Tennessee Blue Cross settles HIPAA case for $1.5M
BCBST also has agreed to a corrective action plan to address gaps in its HIPAA compliance program. The enforcement action is the first resulting from a breach report required by the HITECH Act breach notification rule.
The investigation followed a notice submitted by BCBST to HHS reporting that 57 unencrypted computer hard drives were stolen from a leased facility in Tennessee. The drives contained the protected health information (PHI) of more than one million individuals, including member names, social security numbers, diagnosis codes, dates of birth and health plan identification numbers.
The investigation of the Office for Civil Rights (OCR) indicated BCBST failed to implement appropriate administrative safeguards to adequately protect information remaining at the leased facility by not performing the required security evaluation in response to operational changes.

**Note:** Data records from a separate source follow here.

(* Let $\beta:\mathbf D\to\mathbf R_{>0}$ satisfy $\sum_{d\in\mathbf D}\beta(d)^p<\infty$ for some $0<p<1/2$. Then the group $\bigoplus_{\mathbf D}\mathbf Z$ is contained in the closure of $\mathbf Z_{fr}$ inside the topological group $\mathrm{Aut}(\mathbf Z^{\mathbf D},m_\beta^{\mathbf D})$ (equipped with the weak topology).
   Context: $\mathbf D=\{a/2^n:n\ge1,0\le a\le2^n-1\}\subset[0,1)$. For $b>0$, $m_b(\{n\})=e^{-n^2b/2}/Z_b$ with $Z_b=\sum_ke^{-k^2b/2}$; $m_\beta^{\mathbf D}=\bigotimes_dm_{\beta(d)}$ on $\mathbf Z^{\mathbf D}$ (product $\sigma$-algebra). $\mathbf Z_{fr}$: maps $g:\mathbf D\to\mathbf Z$ constant on each $[d_j,d_{j+1})\cap\mathbf D$ for some standard dyadic partition $0=d_1<\dots<d_{n+1}=1$ (each $(d_j,d_{j+1})$ of the form $(a/2^k,(a+1)/2^k)$); $\bigoplus_{\mathbf D}\mathbf Z$: finitely supported maps $\mathbf D\to\mathbf Z$. Both act on $\mathbf Z^{\mathbf D}$ by $(g\cdot x)(d)=g(d)+x(d)$ and are regarded (via this action) as subgroups of $\mathrm{Aut}(\mathbf Z^{\mathbf D},m_\beta^{\mathbf D})$, the group of nonsingular transformations. The weak topology: $g_n\to g$ iff $\frac{d(g_n)_*m_\beta^{\mathbf D}}{dm_\beta^{\mathbf D}}\to\frac{dg_*m_\beta^{\mathbf D}}{dm_\beta^{\mathbf D}}$ in $L^1(m_\beta^{\mathbf D})$ and $m_\beta^{\mathbf D}(g^{-1}A\,\Delta\,g_n^{-1}A)\to0$ for every measurable $A$. *)

theory Defs
  imports "HOL-Probability.Probability"
begin

definition dyadics :: "real set" where
  "dyadics = {real a / 2 ^ n | a n. n \<ge> 1 \<and> a \<le> 2 ^ n - 1}"

definition Zb :: "real \<Rightarrow> real" where
  "Zb b = infsum (\<lambda>k::int. exp (- (real_of_int k ^ 2) * b / 2)) UNIV"

definition mb :: "real \<Rightarrow> int measure" where
  "mb b = point_measure UNIV (\<lambda>n. ennreal (exp (- (real_of_int n ^ 2) * b / 2) / Zb b))"

definition mD :: "(real \<Rightarrow> real) \<Rightarrow> (real \<Rightarrow> int) measure" where
  "mD \<beta> = (\<Pi>\<^sub>M d\<in>dyadics. mb (\<beta> d))"

definition shift :: "(real \<Rightarrow> int) \<Rightarrow> (real \<Rightarrow> int) \<Rightarrow> (real \<Rightarrow> int)" where
  "shift g x = (\<lambda>d\<in>dyadics. g d + x d)"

In addition, the investigation showed a failure to implement appropriate physical safeguards by not having adequate facility access controls; both of these safeguards are required by the HIPAA security rule.
In addition to the $1.5 million settlement, the agreement requires BCBST to review, revise and maintain its privacy and security policies and procedures, to conduct regular and robust trainings for all BCBST employees covering employee responsibilities under HIPAA and to perform monitor reviews to ensure BCBST compliance with the corrective action plan.
HHS' OCR enforces the HIPAA privacy and security rules. The HIPAA privacy rule gives individuals rights over their PHI and sets rules and limits on who can look at and receive that health information. The HIPAA security rule protects health information in electronic form by requiring entities covered by HIPAA to use physical, technical and administrative safeguards to ensure that electronic PHI remains private and secure.
The HITECH breach notification rule requires covered entities to report an impermissible use or disclosure of protected health information, or a “breach,” of 500 individuals or more to HHS and the media. Smaller breaches affecting less than 500 individuals must be reported to the secretary on an annual basis.